Center for Medical Genetics, Gansu Provincial Maternity and Child Care Hospital, Gansu Provincial Clinical Research Center for Birth Defects and Rare Diseases, Lanzhou, China.
School of Public Health, Gansu University of Chinese Medicine, Lanzhou, China.
Mol Genet Genomic Med. 2024 Jan;12(1):e2308. doi: 10.1002/mgg3.2308. Epub 2023 Nov 27.
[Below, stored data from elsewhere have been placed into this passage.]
lemma circuit_has_flow:
  assumes "matroid_circuit M C"
  obtains z where "z \<in> flows M" "supp z = C"
proof -
  obtain z where "z \<noteq> 0" "z \<in> flows M" "supp z \<subseteq> C"
    using assms unfolding matroid_circuit_def dependent_cols_def flows_def by blast
  then show thesis
    using that circuit_flow_supp_eq[OF assms] by blast
qed

definition coeff_vec :: "'e list \<Rightarrow> (nat \<Rightarrow> real) \<Rightarrow> real^'e::finite" where
  "coeff_vec cs x = (\<chi> e. \<Sum>j<length cs. if cs ! j = e then x j else 0)"

lemma coeff_vec_nth: "distinct cs \<Longrightarrow> j < length cs \<Longrightarrow> coeff_vec cs x $ (cs ! j) = x j"
proof -
  assume "distinct cs" "j < length cs"
  then have "coeff_vec cs x $ (cs ! j) = (\<Sum>k<length cs. if k = j then x k else 0)"
    unfolding coeff_vec_def vec_lambda_beta by (intro sum.cong) (auto simp: nth_eq_iff_index_eq)
  then show ?thesis
    using \<open>j < length cs\<close> by simp
qed

lemma coeff_vec_outside: "e \<notin> set cs \<Longrightarrow> coeff_vec cs x $ e = 0"
  unfolding coeff_vec_def by (auto intro!: sum.neutral)

lemma coeff_vec_component_in:
  assumes "distinct cs" "\<And>j. j < length cs \<Longrightarrow> x j \<in> A" "0 \<in> A"
  shows "coeff_vec cs x $ e \<in> A"
proof (cases "e \<in> set cs")
  case True
  then obtain j where "j < length cs" "cs ! j = e"
    by (meson in_set_conv_nth)
  then show ?thesis
    using assms coeff_vec_nth by metis
qed (simp add: assms(3) coeff_vec_outside)

lemma supp_coeff_vec: "supp (coeff_vec cs x) \<subseteq> set cs"
  using coeff_vec_outside by (fastforce simp: supp_def)

lemma matrix_vector_mult_coeff_vec:
  "(M *v coeff_vec cs x) $ r = (\<Sum>j<length cs. M $ r $ (cs ! j) * x j)"
proof -
  have "(M *v coeff_vec cs x) $ r =
        (\<Sum>j<length cs. \<Sum>e\<in>UNIV. M $ r $ e * (if cs ! j = e then x j else 0))"
    unfolding matrix_vector_mult_def coeff_vec_def
    by (simp add: sum_distrib_left, rule sum.swap)
  also have "\<dots> = (\<Sum>j<length cs. M $ r $ (cs ! j) * x j)"
    by (simp add: if_distrib cong: if_cong)
  finally show ?thesis .
qed

lemma coeff_vec_components:
  assumes "distinct cs" "supp z \<subseteq> set cs"
  shows "coeff_vec cs (\<lambda>j. z $ (cs ! j)) = z"
proof (rule Finite_Cartesian_Product.vec_eq_iff[THEN iffD2], intro allI)
  fix e
  show "coeff_vec cs (\<lambda>j. z $ (cs ! j)) $ e = z $ e"
  proof (cases "e \<in> set cs")
    case True
    then obtain j where "j < length cs" "cs ! j = e"
      by (meson in_set_conv_nth)
    then show ?thesis
      using coeff_vec_nth[OF assms(1)] by auto
  next
    case False
    then show ?thesis
      using assms(2) coeff_vec_outside[OF False] by (auto simp: supp_def)
  qed
qed

lemma minor_dependent_cols:
  assumes "distinct cs" "length rs = length cs"
    and "z \<in> flows M" "z \<noteq> 0" "supp z \<subseteq> set cs"
  shows "minor M rs cs = 0"
proof -
  obtain e where "e \<in> supp z"
    using assms(4) supp_eq_empty_iff by blast
  moreover obtain j0 where "j0 < length cs" "cs ! j0 = e"
    using \<open>e \<in> supp z\<close> assms(5) by (meson in_set_conv_nth subsetD)
  ultimately have j0: "j0 < length cs" "z $ (cs ! j0) \<noteq> 0"
    by (auto simp: supp_def)
  have "(\<Sum>j<length cs. M $ (rs ! i) $ (cs ! j) * z $ (cs ! j)) = (M *v z) $ (rs ! i)" for i
    using matrix_vector_mult_coeff_vec[of M cs "\<lambda>j. z $ (cs ! j)"]
    unfolding coeff_vec_components[OF assms(1,5)] by simp
  then show ?thesis
    unfolding minor_def using assms(2,3) j0
    by (intro det_fun_eq_0_if_kernel[of j0]) (auto simp: flows_def)
qed

lemma matrix_vector_mult_cofactors:
  "length cs = Suc (length rs) \<Longrightarrow>
   (M *v coeff_vec cs (last_row_cofactor M rs cs)) $ r = minor M (rs @ [r]) cs"
  by (simp add: matrix_vector_mult_coeff_vec minor_append_row)

lemma exists_nonsingular_minor:
  assumes "distinct cs" "\<And>u. u \<in> flows M \<Longrightarrow> supp u \<subseteq> set cs \<Longrightarrow> u = 0"
  shows "\<exists>rs. distinct rs \<and> length rs = length cs \<and> minor M rs cs \<noteq> 0"
  using assms
proof (induction cs rule: rev_induct)
  case Nil
  then show ?case
    by (simp add: minor_def det_fun_def)
next
  case (snoc c cs)
  obtain rs where rs: "distinct rs" "length rs = length cs" "minor M rs cs \<noteq> 0"
    using snoc by auto
  define w where "w = coeff_vec (cs @ [c]) (last_row_cofactor M rs (cs @ [c]))"
  have "w $ c \<noteq> 0"
    using coeff_vec_nth[OF snoc.prems(1), of "length cs"] rs
    by (simp add: w_def nth_append last_row_cofactor_last)
  then have "w \<noteq> 0"
    by auto
  moreover have "w \<in> flows M" if "\<And>r. minor M (rs @ [r]) (cs @ [c]) = 0"
    using that rs(2) by (simp add: flows_def Finite_Cartesian_Product.vec_eq_iff w_def matrix_vector_mult_cofactors)
  ultimately obtain r where r: "minor M (rs @ [r]) (cs @ [c]) \<noteq> 0"
    using snoc.prems(2) supp_coeff_vec unfolding w_def by blast
  then have "r \<notin> set rs"
    using minor_repeated_row[of r rs "cs @ [c]" M] rs(2) by auto
  then show ?case
    using rs r by (intro exI[of _ "rs @ [r]"]) auto
qed
definition mnl_noise :: "nat \<Rightarrow> (nat \<Rightarrow> 'i set) \<Rightarrow> (nat \<Rightarrow> 'i \<Rightarrow> real^'d) \<Rightarrow> real^'d \<Rightarrow>
    (nat \<Rightarrow> 'i option) \<Rightarrow> real^'d" where
  "mnl_noise n S x \<theta> y =
     (\<Sum>t\<in>{1..n}. \<Sum>i\<in>S t. (onehot (y t) i - mnl_prob S x \<theta> t (Some i)) *\<^sub>R x t i)"

lemma J_n_eq_mnl_noise:
  assumes "mle_score n S x y \<theta> = 0"
  shows "J_n n S x \<theta>s \<theta> = mnl_noise n S x \<theta>s y"
proof -
  have "J_n n S x \<theta>s \<theta> = mnl_noise n S x \<theta>s y + mle_score n S x y \<theta>"
    unfolding J_n_def mnl_noise_def mle_score_def
    by (simp add: sum.distrib[symmetric] scaleR_add_left[symmetric])
  with assms show ?thesis
    by simp
qed

lemma gram_mult_vector: "gram n S x *v v = (\<Sum>t\<in>{1..n}. \<Sum>i\<in>S t. (x t i \<bullet> v) *\<^sub>R x t i)"
proof -
  have outer: "(\<chi> a b. u $ a * u $ b) *v w = (u \<bullet> w) *\<^sub>R u" for u w :: "real^'d"
    by (simp add: vec_eq_iff matrix_vector_mult_def inner_vec_def sum_distrib_left mult_ac)
  have sum_mult: "(\<Sum>k\<in>K. M k) *v w = (\<Sum>k\<in>K. M k *v w)"
    for K :: "'k set" and M :: "'k \<Rightarrow> real^'d^'d" and w
    by (induction K rule: infinite_finite_induct) (auto simp: matrix_vector_mult_add_rdistrib)
  show ?thesis
    unfolding gram_def by (simp add: sum_mult outer)
qed

lemma gram_quadratic_form: "v \<bullet> (gram n S x *v v) = (\<Sum>t\<in>{1..n}. \<Sum>i\<in>S t. (v \<bullet> x t i)\<^sup>2)"
  unfolding gram_mult_vector by (simp add: inner_sum_right power2_eq_square inner_commute)

lemma mnl_noise_mgf_le:
  assumes "\<And>t. t \<in> {1..n} \<Longrightarrow> finite (S t)"
  shows "measure_pmf.expectation (mnl_responses n S x \<theta>) (\<lambda>y. exp (v \<bullet> mnl_noise n S x \<theta> y))
         \<le> exp (v \<bullet> (gram n S x *v v) / 2)"
proof -
  define G where "G t c = (\<Sum>i\<in>S t. (onehot c i - mnl_prob S x \<theta> t (Some i)) * (v \<bullet> x t i))" for t c
  have "exp (v \<bullet> mnl_noise n S x \<theta> y) = (\<Prod>t\<in>{1..n}. exp (G t (y t)))" for y
    unfolding mnl_noise_def G_def by (simp add: inner_sum_right exp_sum)
  then have "measure_pmf.expectation (mnl_responses n S x \<theta>) (\<lambda>y. exp (v \<bullet> mnl_noise n S x \<theta> y))
      = (\<Prod>t\<in>{1..n}. measure_pmf.expectation (mnl_pmf S x \<theta> t) (\<lambda>c. exp (G t c)))"
    unfolding mnl_responses_def using assms
    by (simp only:) (intro expectation_prod_Pi_pmf integrable_measure_pmf_finite finite_set_pmf_mnl_pmf; auto)
  also have "\<dots> \<le> (\<Prod>t\<in>{1..n}. exp ((\<Sum>i\<in>S t. (v \<bullet> x t i)\<^sup>2) / 2))"
    unfolding G_def using assms
    by (intro prod_mono conjI integral_nonneg mnl_round_mgf_le) auto
  also have "\<dots> = exp (v \<bullet> (gram n S x *v v) / 2)"
    unfolding gram_quadratic_form by (simp add: exp_sum sum_divide_distrib)
  finally show ?thesis .
qed

section \<open>Conjugate bases of a positive definite matrix\<close>

lemma inner_matrix_conjugate_combination:
  fixes V :: "real^'d^'d"
  assumes "finite B" "b \<in> B" "pairwise (\<lambda>b c. b \<bullet> (V *v c) = 0) B"
  shows "b \<bullet> (V *v (\<Sum>c\<in>B. l c *\<^sub>R c)) = l b * (b \<bullet> (V *v b))"
proof -
  have "b \<bullet> (V *v (\<Sum>c\<in>B. l c *\<^sub>R c)) = (\<Sum>c\<in>B. l c * (b \<bullet> (V *v c)))"
    by (simp add: linear_sum[OF matrix_vector_mul_linear] matrix_vector_mult_scaleR inner_sum_right)
  also have "\<dots> = l b * (b \<bullet> (V *v b)) + (\<Sum>c\<in>B - {b}. l c * (b \<bullet> (V *v c)))"
    using assms by (simp add: sum.remove)
  also have "(\<Sum>c\<in>B - {b}. l c * (b \<bullet> (V *v c))) = 0"
    using assms by (intro sum.neutral) (auto simp: pairwise_def)
  finally show ?thesis
    by simp
qed

lemma quadratic_form_conjugate_combination:
  fixes V :: "real^'d^'d"
  assumes "finite B" "pairwise (\<lambda>b c. b \<bullet> (V *v c) = 0) B"
  shows "(\<Sum>b\<in>B. l b *\<^sub>R b) \<bullet> (V *v (\<Sum>c\<in>B. l c *\<^sub>R c)) = (\<Sum>b\<in>B. (l b)\<^sup>2 * (b \<bullet> (V *v b)))"
  using assms
  by (simp add: inner_sum_left inner_matrix_conjugate_combination power2_eq_square mult.assoc)

lemma exists_conjugate_basis:
  fixes V :: "real^'d^'d"
  assumes "pos_def V"
  obtains B where "finite B" "card B = CARD('d)" "0 \<notin> B" "pairwise (\<lambda>b c. b \<bullet> (V *v c) = 0) B"
proof -
  have sym: "u \<bullet> (V *v w) = w \<bullet> (V *v u)" for u w
    using assms unfolding pos_def_def by (metis dot_lmul_matrix inner_commute vector_transpose_matrix)
  have pos: "v \<noteq> 0 \<Longrightarrow> 0 < v \<bullet> (V *v v)" for v
    using assms by (simp add: pos_def_def)
  have "k \<le> CARD('d) \<Longrightarrow>
      \<exists>B. finite B \<and> card B = k \<and> 0 \<notin> B \<and> pairwise (\<lambda>b c. b \<bullet> (V *v c) = 0) B" for k
  proof (induction k)
    case (Suc k)
    then obtain B where B: "finite B" "card B = k" "0 \<notin> B" "pairwise (\<lambda>b c. b \<bullet> (V *v c) = 0) B"
      by auto
    have "span ((*v) V ` B) \<noteq> UNIV"
    proof
      assume "span ((*v) V ` B) = UNIV"
      then have "CARD('d) \<le> card ((*v) V ` B)"
        using B(1) dim_le_card[of UNIV "(*v) V ` B"] by simp
      also have "\<dots> \<le> k"
        using B(2) card_image_le[OF B(1)] by simp
      finally show False
        using Suc.prems by simp
    qed
    then obtain a where a: "a \<noteq> 0" "\<forall>z\<in>span ((*v) V ` B). a \<bullet> z = 0"
      using span_not_UNIV_orthogonal by blast
    have aB: "a \<bullet> (V *v b) = 0" "b \<bullet> (V *v a) = 0" if "b \<in> B" for b
      using a(2) that sym[of b a] by (simp_all add: span_base)
    have "a \<notin> B"
      using aB pos[OF a(1)] by force
    then show ?case
      using B a(1) aB by (intro exI[of _ "insert a B"]) (auto simp: pairwise_insert)
  qed (intro exI[of _ "{}"]; simp)
  then show ?thesis
    using that by blast
qed

lemma matrix_mul_matrix_inv_pos_def:
  fixes V :: "real^'d^'d"
  assumes "pos_def V"
  shows "V ** matrix_inv V = mat 1"
proof -
  have "inj ((*v) V)"
  proof (rule injI)
    fix u w
    assume "V *v u = V *v w"
    then have "(u - w) \<bullet> (V *v (u - w)) = 0"
      by (simp add: matrix_vector_mult_diff_distrib)
    then show "u = w"
      using assms unfolding pos_def_def by (metis eq_iff_diff_eq_0 less_irrefl)
  qed
  then have "invertible V"
    using matrix_left_invertible_injective invertible_left_inverse by blast
  then have "\<exists>A'. V ** A' = mat 1 \<and> A' ** V = mat 1"
    by (simp add: invertible_def)
  then show ?thesis
    unfolding matrix_inv_def by (rule someI2_ex) simp
qed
Immune skeletal dysplasia with neurodevelopmental abnormalities (ISDNA) is an extremely rare, autosomal recessive genetic disorder characterized by various skeletal abnormalities, neurodevelopmental deficits, and abnormal immune system function. ISDNA is caused by variation in the exostosin-like 3 (EXTL3) gene, located on chromosome 8p21.2, whose primary function is the biosynthesis of heparan sulfate (HS) skeleton structure. Only a few variations in the EXTL3 gene have been discovered so far. In these years of development, many pathogenic variants in genetic diseases with genetic and phenotypic heterogeneity have been investigated using whole-exome sequencing (WES) technology.
In this research, a novel EXTL3 variant was first detected in a patient using WES, which was validated from Sanger sequencing in this family. Family history and clinical information were then collected through comprehensive medical examinations and genetic counseling. In silico prediction was then utilized to confirm the pathogenicity of the variant.
A novel homozygous variant, NM_001440: c.2015G>A (p.Arg672Gln) in the EXTL3 gene, was identified using WES, which has never been reported before. Sanger sequencing was performed to confirm that the variant segregated with the disease within the family.
This research identified a novel pathogenic variant in the EXTL3 gene responsible for ISDNA in a Chinese family. It showed the potential diagnostic role of WES in ISDNA, expanded the EXTL3 gene variation spectrum, and demonstrated that the diagnosis of ISDNA using WES is feasible and effective. More comprehensive genetic counseling and precise prenatal diagnosis for the next pregnancy can also be provided to families with genetic disorders.
免疫骨骼发育不良伴神经发育异常(ISDNA)是一种极其罕见的常染色体隐性遗传疾病,其特征为多种骨骼异常、神经发育缺陷和免疫系统功能异常。ISDNA 是由位于 8p21.2 染色体上的外切体样 3(EXTL3)基因突变引起的,其主要功能是合成肝素硫酸(HS)骨架结构。到目前为止,只发现了 EXT3 基因的少数几种变异。在这些年的发展中,使用全外显子组测序(WES)技术研究了遗传和表型异质性的遗传疾病中的许多致病变体。
在这项研究中,首先使用 WES 在患者中检测到一种新型 EXTL3 变体,该变体在该家族中通过 Sanger 测序得到验证。然后通过全面的医学检查和遗传咨询收集家族史和临床信息。然后利用计算机预测来确认变体的致病性。
使用 WES 鉴定出 EXT3 基因中的一种新型纯合变体 NM_001440:c.2015G>A(p.Arg672Gln),该变体以前从未报道过。进行 Sanger 测序以确认该变体在家族内与疾病共分离。
本研究在中国一个家族中发现了 EXTL3 基因导致 ISDNA 的一种新型致病变体。它表明 WES 在 ISDNA 中的潜在诊断作用,扩展了 EXTL3 基因变异谱,并证明使用 WES 诊断 ISDNA 是可行且有效的。还可以为遗传疾病的家庭提供更全面的遗传咨询和精确的产前诊断。